(* Let $r\ge1$ and let $\tau,\tau'$ be permutations of $F^r$ fixing $\mathbf 0$. For a permutation $\pi$ of the $2^{r+1}$ coordinate positions of $F^{2^{r+1}}$, we have $SQS_\tau\sim_\pi SQS_{\tau'}$ if and only if $\pi(S_\tau)=S_{\tau'}$.
   Context: $F=\mathrm{GF}(2)$, $\mathbf 0$ is the all-zero vector. Index the coordinates of $F^{2^r}$ by the vectors of $F^r$; $e_a$ is the unit vector with a single $1$ at position $a$. The extended Hamming code is $\mathcal H=\{x\in F^{2^r}:\sum_{a:x_a=1}a=\mathbf 0,\ \mathrm{wt}(x)\text{ even}\}$. For $x,y\in F^{2^r}$, $x|y\in F^{2^{r+1}}$ is the concatenation and $C\times D=\{x|y:x\in C,y\in D\}$. Define $S_\tau=\bigcup_{a\in F^r}(\mathcal H+e_a+e_{\mathbf 0})\times(\mathcal H+e_{\tau(a)}+e_{\tau(\mathbf 0)})$, an extended perfect code of length $2^{r+1}$ containing the zero vector. The coordinate positions of $F^{2^{r+1}}$ are denoted $(\{a\},\emptyset)$ (position $a$ in the first half) and $(\emptyset,\{a\})$ (position $a$ in the second half), and the support of $x|y$ is written $(\mathrm{supp}(x),\mathrm{supp}(y))$. $SQS_\tau$ is the Steiner quadruple system on these positions consisting of $Q_0=\{(\{a,b,c,d\},\emptyset): a,b,c,d \text{ pairwise distinct}, a+b+c+d=\mathbf 0\}$, $Q_1=\{(\emptyset,\{a,b,c,d\}): a,b,c,d \text{ pairwise distinct}, a+b+c+d=\mathbf 0\}$ and $Q_\tau=\{(\{a,c\},\{b,d\}):\tau(a+c)=b+d\neq\mathbf 0\}$ (these are the supports of the weight-4 codewords of $S_\tau$). Permutations act on vectors by $\pi(y)_i=y_{\pi^{-1}(i)}$. $SQS_\tau\sim_\pi SQS_{\tau'}$ means $\pi$ maps the set of quadruples of $SQS_\tau$ onto that of $SQS_{\tau'}$. *)

theory Defs
  imports Main
begin

text \<open>A vector of F^r (F = GF(2)) is represented by its support, a subset of
  {0..<r}; vector addition is symmetric difference and the zero vector is the empty set.
  A binary word of length 2^r whose coordinates are indexed by F^r is represented by its
  support, a subset of F^r. Coordinate positions of F^(2^(r+1)) are pairs (False, a)
  (position a in the first half) and (True, a) (position a in the second half).\<close>

definition vecs :: "nat \<Rightarrow> nat set set" where
  "vecs r = Pow {..<r}"

definition vadd :: "nat set \<Rightarrow> nat set \<Rightarrow> nat set" where
  "vadd a b = (a - b) \<union> (b - a)"

definition vsum :: "nat set set \<Rightarrow> nat set" where
  "vsum X = {i. odd (card {a \<in> X. i \<in> a})}"

text \<open>Words: supports. Adding a word to another word = symmetric difference of supports;
  the unit vector e_a has support {a}.\<close>
definition wadd :: "'a set \<Rightarrow> 'a set \<Rightarrow> 'a set" where
  "wadd x y = (x - y) \<union> (y - x)"

definition hamming :: "nat \<Rightarrow> nat set set set" where
  "hamming r = {x. x \<subseteq> vecs r \<and> vsum x = {} \<and> even (card x)}"

definition hcoset :: "nat \<Rightarrow> nat set \<Rightarrow> nat set set set" where
  "hcoset r a = (\<lambda>x. wadd (wadd x {a}) {{}}) ` hamming r"

definition concat_w :: "nat set set \<Rightarrow> nat set set \<Rightarrow> (bool \<times> nat set) set" where
  "concat_w x y = Pair False ` x \<union> Pair True ` y"

definition positions :: "nat \<Rightarrow> (bool \<times> nat set) set" where
  "positions r = UNIV \<times> vecs r"

definition S_code :: "nat \<Rightarrow> (nat set \<Rightarrow> nat set) \<Rightarrow> (bool \<times> nat set) set set" where
  "S_code r \<tau> = (\<Union>a\<in>vecs r. {concat_w x y | x y. x \<in> hcoset r a \<and> y \<in> hcoset r (\<tau> a)})"

definition Q0 :: "nat \<Rightarrow> (bool \<times> nat set) set set" where
  "Q0 r = {Pair False ` {a, b, c, d} | a b c d. a \<in> vecs r \<and> b \<in> vecs r \<and> c \<in> vecs r \<and> d \<in> vecs r
     \<and> distinct [a, b, c, d] \<and> vadd (vadd a b) (vadd c d) = {}}"

definition Q1 :: "nat \<Rightarrow> (bool \<times> nat set) set set" where
  "Q1 r = {Pair True ` {a, b, c, d} | a b c d. a \<in> vecs r \<and> b \<in> vecs r \<and> c \<in> vecs r \<and> d \<in> vecs r
     \<and> distinct [a, b, c, d] \<and> vadd (vadd a b) (vadd c d) = {}}"

definition Qtau :: "nat \<Rightarrow> (nat set \<Rightarrow> nat set) \<Rightarrow> (bool \<times> nat set) set set" where
  "Qtau r \<tau> = {Pair False ` {a, c} \<union> Pair True ` {b, d} | a b c d.
     a \<in> vecs r \<and> b \<in> vecs r \<and> c \<in> vecs r \<and> d \<in> vecs r
     \<and> \<tau> (vadd a c) = vadd b d \<and> vadd b d \<noteq> {}}"

definition SQS :: "nat \<Rightarrow> (nat set \<Rightarrow> nat set) \<Rightarrow> (bool \<times> nat set) set set" where
  "SQS r \<tau> = Q0 r \<union> Q1 r \<union> Qtau r \<tau>"

end

theory Submission
  imports Defs
begin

#####

▸ **What you are asked to do**
Repeat the data in full. Nothing may be dropped or altered.

▸ **Response area**
(* Let $r\ge1$ and let $\tau,\tau'$ be permutations of $F^r$ fixing $\mathbf 0$. For a permutation $\pi$ of the $2^{r+1}$ coordinate positions of $F^{2^{r+1}}$, we have $SQS_\tau\sim_\pi SQS_{\tau'}$ if and only if $\pi(S_\tau)=S_{\tau'}$.
   Context: $F=\mathrm{GF}(2)$, $\mathbf 0$ is the all-zero vector. Index the coordinates of $F^{2^r}$ by the vectors of $F^r$; $e_a$ is the unit vector with a single $1$ at position $a$. The extended Hamming code is $\mathcal H=\{x\in F^{2^r}:\sum_{a:x_a=1}a=\mathbf 0,\ \mathrm{wt}(x)\text{ even}\}$. For $x,y\in F^{2^r}$, $x|y\in F^{2^{r+1}}$ is the concatenation and $C\times D=\{x|y:x\in C,y\in D\}$. Define $S_\tau=\bigcup_{a\in F^r}(\mathcal H+e_a+e_{\mathbf 0})\times(\mathcal H+e_{\tau(a)}+e_{\tau(\mathbf 0)})$, an extended perfect code of length $2^{r+1}$ containing the zero vector. The coordinate positions of $F^{2^{r+1}}$ are denoted $(\{a\},\emptyset)$ (position $a$ in the first half) and $(\emptyset,\{a\})$ (position $a$ in the second half), and the support of $x|y$ is written $(\mathrm{supp}(x),\mathrm{supp}(y))$. $SQS_\tau$ is the Steiner quadruple system on these positions consisting of $Q_0=\{(\{a,b,c,d\},\emptyset): a,b,c,d \text{ pairwise distinct}, a+b+c+d=\mathbf 0\}$, $Q_1=\{(\emptyset,\{a,b,c,d\}): a,b,c,d \text{ pairwise distinct}, a+b+c+d=\mathbf 0\}$ and $Q_\tau=\{(\{a,c\},\{b,d\}):\tau(a+c)=b+d\neq\mathbf 0\}$ (these are the supports of the weight-4 codewords of $S_\tau$). Permutations act on vectors by $\pi(y)_i=y_{\pi^{-1}(i)}$. $SQS_\tau\sim_\pi SQS_{\tau'}$ means $\pi$ maps the set of quadruples of $SQS_\tau$ onto that of $SQS_{\tau'}$. *)

theory Defs
  imports Main
begin

text \<open>A vector of F^r (F = GF(2)) is represented by its support, a subset of
  {0..<r}; vector addition is symmetric difference and the zero vector is the empty set.
  A binary word of length 2^r whose coordinates are indexed by F^r is represented by its
  support, a subset of F^r. Coordinate positions of F^(2^(r+1)) are pairs (False, a)
  (position a in the first half) and (True, a) (position a in the second half).\<close>

definition vecs :: "nat \<Rightarrow> nat set set" where
  "vecs r = Pow {..<r}"

definition vadd :: "nat set \<Rightarrow> nat set \<Rightarrow> nat set" where
  "vadd a b = (a - b) \<union> (b - a)"

definition vsum :: "nat set set \<Rightarrow> nat set" where
  "vsum X = {i. odd (card {a \<in> X. i \<in> a})}"

text \<open>Words: supports. Adding a word to another word = symmetric difference of supports;
  the unit vector e_a has support {a}.\<close>
definition wadd :: "'a set \<Rightarrow> 'a set \<Rightarrow> 'a set" where
  "wadd x y = (x - y) \<union> (y - x)"

definition hamming :: "nat \<Rightarrow> nat set set set" where
  "hamming r = {x. x \<subseteq> vecs r \<and> vsum x = {} \<and> even (card x)}"

definition hcoset :: "nat \<Rightarrow> nat set \<Rightarrow> nat set set set" where
  "hcoset r a = (\<lambda>x. wadd (wadd x {a}) {{}}) ` hamming r"

definition concat_w :: "nat set set \<Rightarrow> nat set set \<Rightarrow> (bool \<times> nat set) set" where
  "concat_w x y = Pair False ` x \<union> Pair True ` y"

definition positions :: "nat \<Rightarrow> (bool \<times> nat set) set" where
  "positions r = UNIV \<times> vecs r"

definition S_code :: "nat \<Rightarrow> (nat set \<Rightarrow> nat set) \<Rightarrow> (bool \<times> nat set) set set" where
  "S_code r \<tau> = (\<Union>a\<in>vecs r. {concat_w x y | x y. x \<in> hcoset r a \<and> y \<in> hcoset r (\<tau> a)})"

definition Q0 :: "nat \<Rightarrow> (bool \<times> nat set) set set" where
  "Q0 r = {Pair False ` {a, b, c, d} | a b c d. a \<in> vecs r \<and> b \<in> vecs r \<and> c \<in> vecs r \<and> d \<in> vecs r
     \<and> distinct [a, b, c, d] \<and> vadd (vadd a b) (vadd c d) = {}}"

definition Q1 :: "nat \<Rightarrow> (bool \<times> nat set) set set" where
  "Q1 r = {Pair True ` {a, b, c, d} | a b c d. a \<in> vecs r \<and> b \<in> vecs r \<and> c \<in> vecs r \<and> d \<in> vecs r
     \<and> distinct [a, b, c, d] \<and> vadd (vadd a b) (vadd c d) = {}}"

definition Qtau :: "nat \<Rightarrow> (nat set \<Rightarrow> nat set) \<Rightarrow> (bool \<times> nat set) set set" where
  "Qtau r \<tau> = {Pair False ` {a, c} \<union> Pair True ` {b, d} | a b c d.
     a \<in> vecs r \<and> b \<in> vecs r \<and> c \<in> vecs r \<and> d \<in> vecs r
     \<and> \<tau> (vadd a c) = vadd b d \<and> vadd b d \<noteq> {}}"

definition SQS :: "nat \<Rightarrow> (nat set \<Rightarrow> nat set) \<Rightarrow> (bool \<times> nat set) set set" where
  "SQS r \<tau> = Q0 r \<union> Q1 r \<union> Qtau r \<tau>"

end

theory Submission
  imports Defs
begin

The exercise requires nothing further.